Composite video explained

Composite video should not be confused with Component video.

Composite video baseband signal (CVBS)
Type:Analog video connector
Design Date:1954[1] –1956[2]
External:Yes
Length:Maximum of
Electrical:[3]
Video Signal:NTSC, PAL or SECAM video
Physical Connector:RCA connector
Num Pins:1 plus grounding shield
Pin1:video
Pin1 Name:center
Pin2:ground
Pin2 Name:sheath

Composite video is an baseband analog video format that typically carries a 405, 525 or 625 line interlaced black and white or color signal, on a single channel, unlike the higher-quality S-Video (two channels) and the even higher-quality component video (three or more channels).

A yellow RCA connector is typically used for composite video, with the audio being carried on separate additional L/R RCA connectors. In professional settings, or on devices that are too small for an RCA connector, such as a digital camera, other types of connectors can be used.

Composite video is also known by the initials CVBS for Composite Video Baseband Signal or Color, Video, Blanking and Sync,[4] [5] or is simply referred to as SD video for the standard-definition television signal it conveys.

There are three dominant variants of composite video signals, corresponding to the analog color system used (NTSC, PAL, and SECAM), but purely monochrome signals can also be used.

Signal components

A composite video signal combines, on one wire, the video information required to recreate a color picture, as well as line and frame synchronization pulses. The color video signal is a linear combination of the luminance (Y) of the picture and a chrominance subcarrier which carries the color information (C), a combination of hue and saturation. Details of the combining process vary between the NTSC, PAL and SECAM systems.

The frequency spectrum of the modulated color signal overlaps that of the baseband signal, and separation relies on the fact that frequency components of the baseband signal tend to be near harmonics of the horizontal scanning rate, while the color carrier is selected to be an odd multiple of half the horizontal scanning rate; this produces a modulated color signal that consists mainly of harmonic frequencies that fall between the harmonics in the baseband luma signal, rather than both being in separate continuous frequency bands alongside each other in the frequency domain. The signals may be separated using a comb filter.[6] In other words, the combination of luma and chrominance is indeed a frequency-division technique, but it is much more complex than typical frequency-division multiplexing systems like the one used to multiplex analog radio stations on both the AM and FM bands.

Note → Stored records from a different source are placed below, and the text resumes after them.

text \<open>Split \<open>M - {s}\<close> into the dyadic rings \<open>R\<^sub>i = {p. 2\<^sup>i\<^sup>-\<^sup>1 < d s p \<le> 2\<^sup>i}\<close>. On \<open>R\<^sub>i \<union> {s}\<close> put
the metric that places \<open>s\<close> at distance \<open>2\<^sup>i\<close> from every point of the ring and truncates \<open>d\<close> at
\<open>2\<^sup>i\<^sup>-\<^sup>1\<close> inside it; it is within a factor 4 of \<open>d\<close>, so running a strictly \<open>\<rho>\<close>-competitive algorithm
for each ring on its own servers costs at most \<open>4\<rho>\<close> times the sum of the ring optima. Conversely
every server path of an offline solution pays, ring by ring, its first entry into the ring
(a geometric series dominated by the farthest ring reached) plus a tent-weighted truncation of
its length, and each point is seen by at most three tents; so the ring optima sum to at most
\<open>10\<close> times the optimum.\<close>

subsection \<open>Costs of server assignments\<close>

lemma serve_cost_cong:
  "(\<And>j. j \<in> snd ` set L \<Longrightarrow> conf j = conf' j) \<Longrightarrow> serve_cost d conf L = serve_cost d conf' L"
proof (induction L arbitrary: conf conf')
  case (Cons x L)
  obtain r j where x: "x = (r, j)" by (cases x)
  have "conf j = conf' j" using Cons.prems x by force
  moreover have "serve_cost d (conf(j := r)) L = serve_cost d (conf'(j := r)) L"
    by (rule Cons.IH) (use Cons.prems in auto)
  ultimately show ?case by (simp add: x)
qed simp

lemma serve_cost_split_servers:
  "serve_cost d conf L = serve_cost d conf (filter (\<lambda>x. Q (snd x)) L)
     + serve_cost d conf (filter (\<lambda>x. \<not> Q (snd x)) L)"
proof (induction L arbitrary: conf)
  case (Cons x L)
  obtain r j where x: "x = (r, j)" by (cases x)
  show ?case
  proof (cases "Q j")
    case True
    have "serve_cost d (conf(j := r)) (filter (\<lambda>x. \<not> Q (snd x)) L)
        = serve_cost d conf (filter (\<lambda>x. \<not> Q (snd x)) L)"
      by (rule serve_cost_cong) (use True in auto)
    moreover have "serve_cost d (conf(j := r)) L
        = serve_cost d (conf(j := r)) (filter (\<lambda>x. Q (snd x)) L)
          + serve_cost d (conf(j := r)) (filter (\<lambda>x. \<not> Q (snd x)) L)"
      by (rule Cons.IH)
    ultimately show ?thesis using True by (simp add: x)
  next
    case False
    have "serve_cost d (conf(j := r)) (filter (\<lambda>x. Q (snd x)) L)
        = serve_cost d conf (filter (\<lambda>x. Q (snd x)) L)"
      by (rule serve_cost_cong) (use False in auto)
    moreover have "serve_cost d (conf(j := r)) L
        = serve_cost d (conf(j := r)) (filter (\<lambda>x. Q (snd x)) L)
          + serve_cost d (conf(j := r)) (filter (\<lambda>x. \<not> Q (snd x)) L)"
      by (rule Cons.IH)
    ultimately show ?thesis using False by (simp add: x)
  qed
qed simp

lemma serve_cost_sum_classes:
  assumes "finite C" "\<forall>x\<in>set L. cls (snd x) \<in> C"
  shows "serve_cost d conf L = (\<Sum>c\<in>C. serve_cost d conf (filter (\<lambda>x. cls (snd x) = c) L))"
  using assms
proof (induction C arbitrary: L rule: finite_induct)
  case empty
  then show ?case by (cases L) auto
next
  case (insert c C)
  let ?rest = "filter (\<lambda>x. cls (snd x) \<noteq> c) L"
  have "serve_cost d conf L = serve_cost d conf (filter (\<lambda>x. cls (snd x) = c) L) + serve_cost d conf ?rest"
    by (rule serve_cost_split_servers)
  also have "serve_cost d conf ?rest = (\<Sum>c'\<in>C. serve_cost d conf (filter (\<lambda>x. cls (snd x) = c') ?rest))"
    using insert.prems by (intro insert.IH) auto
  also have "\<dots> = (\<Sum>c'\<in>C. serve_cost d conf (filter (\<lambda>x. cls (snd x) = c') L))"
  proof (rule sum.cong)
    fix c' assume "c' \<in> C"
    then have "filter (\<lambda>x. cls (snd x) = c') ?rest = filter (\<lambda>x. cls (snd x) = c') L"
      using insert.hyps by (induction L) auto
    then show "serve_cost d conf (filter (\<lambda>x. cls (snd x) = c') ?rest)
        = serve_cost d conf (filter (\<lambda>x. cls (snd x) = c') L)" by simp
  qed simp
  finally show ?case using insert.hyps by simp
qed

lemma serve_cost_rename_servers:
  "inj f \<Longrightarrow> serve_cost d conf (map (\<lambda>(r, j). (r, f j)) L) = serve_cost d (conf \<circ> f) L"
proof (induction L arbitrary: conf)
  case (Cons x L)
  obtain r j where x: "x = (r, j)" by (cases x)
  have "conf(f j := r) \<circ> f = (conf \<circ> f)(j := r)"
    using Cons.prems by (auto simp: fun_eq_iff inj_eq)
  then have "serve_cost d (conf(f j := r)) (map (\<lambda>(r, j). (r, f j)) L) = serve_cost d ((conf \<circ> f)(j := r)) L"
    using Cons.IH[OF Cons.prems] by metis
  then show ?case by (simp add: x comp_def)
qed simp

lemma serve_cost_nonneg: "(\<And>a b. 0 \<le> d a b) \<Longrightarrow> 0 \<le> serve_cost d conf L"
proof (induction L arbitrary: conf)
  case (Cons x L) then show ?case by (cases x) (simp add: add_nonneg_nonneg)
qed simp

lemma serve_cost_le_scaled:
  assumes "\<And>a b. a \<in> A \<Longrightarrow> b \<in> A \<Longrightarrow> d a b \<le> c * e a b"
    and "range conf \<subseteq> A" and "fst ` set L \<subseteq> A"
  shows "serve_cost d conf L \<le> c * serve_cost e conf L"
  using assms(2,3)
proof (induction L arbitrary: conf)
  case (Cons x L)
  obtain r j where x: "x = (r, j)" by (cases x)
  have "conf j \<in> A" "r \<in> A" using Cons.prems x by auto
  then have "d (conf j) r \<le> c * e (conf j) r" by (rule assms(1))
  moreover have "serve_cost d (conf(j := r)) L \<le> c * serve_cost e (conf(j := r)) L"
    using Cons.prems x by (intro Cons.IH) auto
  ultimately show ?case by (simp add: x distrib_left)
qed simp

fun path_length :: "('a \<Rightarrow> 'a \<Rightarrow> real) \<Rightarrow> 'a \<Rightarrow> 'a list \<Rightarrow> real" where
  "path_length d a [] = 0"
| "path_length d a (p # P) = d a p + path_length d p P"

lemma serve_cost_single_server: "serve_cost d conf (map (\<lambda>p. (p, j)) P) = path_length d (conf j) P"
  by (induction P arbitrary: conf) auto

lemma serve_cost_eq_sum_path_length:
  assumes "finite J" "snd ` set L \<subseteq> J"
  shows "serve_cost d conf L = (\<Sum>j\<in>J. path_length d (conf j) (map fst (filter (\<lambda>x. snd x = j) L)))"
proof -
  have "serve_cost d conf L = (\<Sum>j\<in>J. serve_cost d conf (filter (\<lambda>x. id (snd x) = j) L))"
    by (rule serve_cost_sum_classes) (use assms in auto)
  also have "\<dots> = (\<Sum>j\<in>J. path_length d (conf j) (map fst (filter (\<lambda>x. snd x = j) L)))"
  proof (rule sum.cong)
    fix j
    have "filter (\<lambda>x. snd x = j) L = map (\<lambda>p. (p, j)) (map fst (filter (\<lambda>x. snd x = j) L))"
      by (induction L) auto
    then have "serve_cost d conf (filter (\<lambda>x. snd x = j) L)
        = serve_cost d conf (map (\<lambda>p. (p, j)) (map fst (filter (\<lambda>x. snd x = j) L)))"
      by (rule arg_cong)
    also have "\<dots> = path_length d (conf j) (map fst (filter (\<lambda>x. snd x = j) L))"
      by (rule serve_cost_single_server)
    finally show "serve_cost d conf (filter (\<lambda>x. id (snd x) = j) L)
        = path_length d (conf j) (map fst (filter (\<lambda>x. snd x = j) L))"
      by simp
  qed simp
  finally show ?thesis .
qed

lemma path_length_stay: "d a a = 0 \<Longrightarrow> set P \<subseteq> {a} \<Longrightarrow> path_length d a P = 0"
  by (induction P) auto

lemma path_length_nonneg: "(\<And>a b. 0 \<le> d a b) \<Longrightarrow> 0 \<le> path_length d a P"
  by (induction P arbitrary: a) (auto simp: add_nonneg_nonneg)

lemma path_length_sum: "path_length (\<lambda>a b. \<Sum>i\<in>I. d i a b) a P = (\<Sum>i\<in>I. path_length (d i) a P)"
  by (induction P arbitrary: a) (auto simp: sum.distrib)

lemma path_length_scale: "path_length (\<lambda>a b. c * d a b) a P = c * path_length d a P"
  by (induction P arbitrary: a) (auto simp: algebra_simps)

lemma path_length_mono:
  "(\<And>a b. a \<in> M \<Longrightarrow> b \<in> M \<Longrightarrow> d a b \<le> e a b) \<Longrightarrow> a \<in> M \<Longrightarrow> set P \<subseteq> M
    \<Longrightarrow> path_length d a P \<le> path_length e a P"
proof (induction P arbitrary: a)
  case (Cons p P)
  then have "d a p \<le> e a p" "path_length d p P \<le> path_length e p P" by auto
  then show ?case by simp
qed simp

lemma (in Metric_space) dist_le_path_length:
  assumes "a \<in> M" "set P \<subseteq> M" "p \<in> set P"
  shows "d a p \<le> path_length d a P"
  using assms
proof (induction P arbitrary: a)
  case (Cons q Q)
  have "q \<in> M" "set Q \<subseteq> M" using Cons.prems by auto
  show ?case
  proof (cases "p = q")
    case True
    then show ?thesis using path_length_nonneg[of d q Q] nonneg by simp
  next
    case False
    then have "d q p \<le> path_length d q Q" using Cons \<open>q \<in> M\<close> \<open>set Q \<subseteq> M\<close> by simp
    moreover have "d a p \<le> d a q + d q p" using triangle Cons.prems \<open>q \<in> M\<close> by auto
    ultimately show ?thesis by simp
  qed
qed simp

lemma map_fst_filter_zip:
  "length xs = length ys \<Longrightarrow> map fst (filter (\<lambda>x. P (fst x)) (zip xs ys)) = filter P xs"
  by (induction xs ys rule: list_induct2) auto

lemma opt_cost_nonneg: "(\<And>a b. 0 \<le> d a b) \<Longrightarrow> 0 \<le> opt_cost d s \<sigma>"
  unfolding opt_cost_def
  by (rule cInf_greatest) (auto intro: serve_cost_nonneg exI[of _ "replicate (length \<sigma>) 0"])

lemma opt_cost_le:
  assumes "\<And>a b. 0 \<le> d a b" "length js = length \<sigma>"
  shows "opt_cost d s \<sigma> \<le> serve_cost d (\<lambda>_. s) (zip \<sigma> js)"
  unfolding opt_cost_def
proof (rule cInf_lower)
  show "bdd_below {serve_cost d (\<lambda>_. s) (zip \<sigma> js) |js. length js = length \<sigma>}"
    by (rule bdd_belowI[of _ 0]) (auto intro: serve_cost_nonneg assms(1))
qed (use assms(2) in blast)

lemma opt_cost_filter_le:
  assumes "\<And>a b. 0 \<le> d a b" "length js = length \<sigma>"
  shows "opt_cost d s (filter P \<sigma>) \<le> serve_cost d (\<lambda>_. s) (filter (\<lambda>x. P (fst x)) (zip \<sigma> js))"
proof -
  let ?F = "filter (\<lambda>x. P (fst x)) (zip \<sigma> js)"
  have "opt_cost d s (map fst ?F) \<le> serve_cost d (\<lambda>_. s) (zip (map fst ?F) (map snd ?F))"
    by (rule opt_cost_le) (simp_all add: assms(1))
  also have "zip (map fst ?F) (map snd ?F) = ?F" by (rule zip_map_fst_snd)
  finally show ?thesis by (simp only: map_fst_filter_zip[OF assms(2)[symmetric]])
qed

definition choices :: "'a online_alg \<Rightarrow> 'a list \<Rightarrow> nat list" where
  "choices alg \<sigma> = map (\<lambda>k. alg (take k \<sigma>) (\<sigma> ! k)) [0..<length \<sigma>]"

lemma length_choices [simp]: "length (choices alg \<sigma>) = length \<sigma>"
  by (simp add: choices_def)

lemma alg_cost_choices: "alg_cost d s alg \<sigma> = serve_cost d (\<lambda>_. s) (zip \<sigma> (choices alg \<sigma>))"
  by (simp add: alg_cost_def choices_def)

A gated and filtered signal derived from the color subcarrier, called the burst or colorburst, is added to the horizontal blanking interval of each line (excluding lines in the vertical sync interval) as a synchronizing signal and amplitude reference for the chrominance signals. In NTSC composite video, the burst signal is inverted in phase (180° out of phase) from the reference subcarrier.[7] In PAL, the phase of the color subcarrier alternates on successive lines. In SECAM, no colorburst is used since phase information is irrelevant.

Composite artifacts

The combining of component signals to form the composite signal does the same, causing a checkerboard video artifact known as dot crawl. Dot crawl is a defect that results from crosstalk due to the intermodulation of the chrominance and luminance components of the signal. This is usually seen when chrominance is transmitted with high bandwidth, and its spectrum reaches into the band of the luminance frequencies. Comb filters are commonly used to separate signals and eliminate these artifacts from composite sources. S-Video and component video avoid this problem as they maintain the component signals physically separate.

Recording

Most home analog video equipment record a signal in (roughly) composite format: LaserDiscs and type C videotape for example store a true composite signal modulated, while consumer videotape formats (including VHS and Betamax) and commercial and industrial tape formats (including U-matic) use modified composite signals FM encoded (generally known as color-under).[8] The professional D-2 videocassette format digitally storing a sampled signal and losslessly reproduces composite video signals using PCM encoding of the analog signal on the magnetic tape. With the advent of affordable higher sampling speed analog to digital converters, realtime composite to YUV sampled digital sampling has been possible since the 1980s and raw waveform sampling and software decoding since the 2010s.[9]

Extensions

A number of so-called extensions to the visible TV image can be transmitted using composite video. Since TV screens hide the vertical blanking interval of a composite video signal, these take advantage of the unseen parts of the signal. Examples of extensions include teletext, closed captioning, information regarding the show title, a set of reference colors that allows TV sets to automatically correct NTSC hue maladjustments, widescreen signaling (WSS) for switching between and display formats, etc.

Connectors and cable

In home applications, the composite video signal is typically connected using an RCA connector, normally yellow. It is often accompanied with red and white connectors for right and left audio channels respectively. BNC connectors and higher quality coaxial cable are often used in professional television studios and post-production applications. BNC connectors were also used for composite video connections on early home VCRs, often accompanied by either RCA connector or a 5-pin DIN connector for audio. The BNC connector, in turn, post dated the PL-259 connector featured on first-generation VCRs.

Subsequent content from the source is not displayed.